### [WHAT IS BEING ASKED]
Somewhere below, one line contains "using m by (cases" and a later line contains "visited at step". Output those two lines and everything between them exactly, and nothing else.

### [RECORDS PROVIDED]
>>>>>

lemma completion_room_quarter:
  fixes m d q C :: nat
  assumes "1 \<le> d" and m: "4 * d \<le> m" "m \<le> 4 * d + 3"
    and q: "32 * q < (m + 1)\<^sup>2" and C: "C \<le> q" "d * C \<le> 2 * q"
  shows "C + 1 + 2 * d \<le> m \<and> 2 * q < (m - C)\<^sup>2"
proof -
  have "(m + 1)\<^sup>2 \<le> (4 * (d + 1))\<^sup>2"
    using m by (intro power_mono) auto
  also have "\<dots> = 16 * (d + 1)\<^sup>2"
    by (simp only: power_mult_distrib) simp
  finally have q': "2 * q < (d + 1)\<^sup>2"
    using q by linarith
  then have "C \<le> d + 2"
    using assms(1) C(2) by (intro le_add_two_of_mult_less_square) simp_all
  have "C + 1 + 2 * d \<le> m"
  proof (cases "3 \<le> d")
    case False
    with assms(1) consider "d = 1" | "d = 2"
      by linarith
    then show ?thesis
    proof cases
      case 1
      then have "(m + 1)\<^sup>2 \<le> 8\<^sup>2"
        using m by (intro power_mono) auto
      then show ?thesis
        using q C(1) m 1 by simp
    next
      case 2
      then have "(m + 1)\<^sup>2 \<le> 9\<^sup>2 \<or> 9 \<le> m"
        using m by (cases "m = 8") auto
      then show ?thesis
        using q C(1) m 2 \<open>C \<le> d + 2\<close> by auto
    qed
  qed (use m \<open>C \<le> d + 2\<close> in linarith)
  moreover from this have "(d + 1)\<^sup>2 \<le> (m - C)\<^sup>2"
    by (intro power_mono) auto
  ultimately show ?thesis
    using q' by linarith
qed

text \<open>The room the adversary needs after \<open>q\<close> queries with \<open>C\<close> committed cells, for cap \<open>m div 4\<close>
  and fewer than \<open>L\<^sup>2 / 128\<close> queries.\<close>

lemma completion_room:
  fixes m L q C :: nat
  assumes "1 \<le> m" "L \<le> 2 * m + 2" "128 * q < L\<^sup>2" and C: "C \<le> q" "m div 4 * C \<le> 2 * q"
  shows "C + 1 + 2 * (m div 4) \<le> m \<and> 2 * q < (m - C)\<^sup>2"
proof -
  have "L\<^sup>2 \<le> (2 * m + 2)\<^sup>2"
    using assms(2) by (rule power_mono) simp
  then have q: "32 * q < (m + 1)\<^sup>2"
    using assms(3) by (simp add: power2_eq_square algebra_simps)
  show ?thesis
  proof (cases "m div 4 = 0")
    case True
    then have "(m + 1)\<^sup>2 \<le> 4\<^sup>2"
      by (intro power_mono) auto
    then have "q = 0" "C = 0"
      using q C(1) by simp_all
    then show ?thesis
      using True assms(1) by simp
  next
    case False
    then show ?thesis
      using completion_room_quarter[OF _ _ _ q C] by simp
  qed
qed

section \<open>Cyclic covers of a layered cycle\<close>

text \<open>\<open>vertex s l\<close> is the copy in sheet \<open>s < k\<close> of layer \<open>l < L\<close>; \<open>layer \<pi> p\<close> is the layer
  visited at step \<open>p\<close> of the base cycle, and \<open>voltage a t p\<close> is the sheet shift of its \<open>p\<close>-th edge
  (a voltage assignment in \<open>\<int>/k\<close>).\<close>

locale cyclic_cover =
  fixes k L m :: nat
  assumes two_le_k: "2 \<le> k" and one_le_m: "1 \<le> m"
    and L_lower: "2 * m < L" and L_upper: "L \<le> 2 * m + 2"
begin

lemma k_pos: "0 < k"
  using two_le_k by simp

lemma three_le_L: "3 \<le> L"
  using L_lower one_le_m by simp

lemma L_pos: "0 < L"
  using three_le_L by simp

<<<<<

### [ANSWER BELOW]
        using m by (cases "m = 8") auto
      then show ?thesis
        using q C(1) m 2 \<open>C \<le> d + 2\<close> by auto
    qed
  qed (use m \<open>C \<le> d + 2\<close> in linarith)
  moreover from this have "(d + 1)\<^sup>2 \<le> (m - C)\<^sup>2"
    by (intro power_mono) auto
  ultimately show ?thesis
    using q' by linarith
qed

text \<open>The room the adversary needs after \<open>q\<close> queries with \<open>C\<close> committed cells, for cap \<open>m div 4\<close>
  and fewer than \<open>L\<^sup>2 / 128\<close> queries.\<close>

lemma completion_room:
  fixes m L q C :: nat
  assumes "1 \<le> m" "L \<le> 2 * m + 2" "128 * q < L\<^sup>2" and C: "C \<le> q" "m div 4 * C \<le> 2 * q"
  shows "C + 1 + 2 * (m div 4) \<le> m \<and> 2 * q < (m - C)\<^sup>2"
proof -
  have "L\<^sup>2 \<le> (2 * m + 2)\<^sup>2"
    using assms(2) by (rule power_mono) simp
  then have q: "32 * q < (m + 1)\<^sup>2"
    using assms(3) by (simp add: power2_eq_square algebra_simps)
  show ?thesis
  proof (cases "m div 4 = 0")
    case True
    then have "(m + 1)\<^sup>2 \<le> 4\<^sup>2"
      by (intro power_mono) auto
    then have "q = 0" "C = 0"
      using q C(1) by simp_all
    then show ?thesis
      using True assms(1) by simp
  next
    case False
    then show ?thesis
      using completion_room_quarter[OF _ _ _ q C] by simp
  qed
qed

section \<open>Cyclic covers of a layered cycle\<close>

text \<open>\<open>vertex s l\<close> is the copy in sheet \<open>s < k\<close> of layer \<open>l < L\<close>; \<open>layer \<pi> p\<close> is the layer
  visited at step \<open>p\<close> of the base cycle, and \<open>voltage a t p\<close> is the sheet shift of its \<open>p\<close>-th edge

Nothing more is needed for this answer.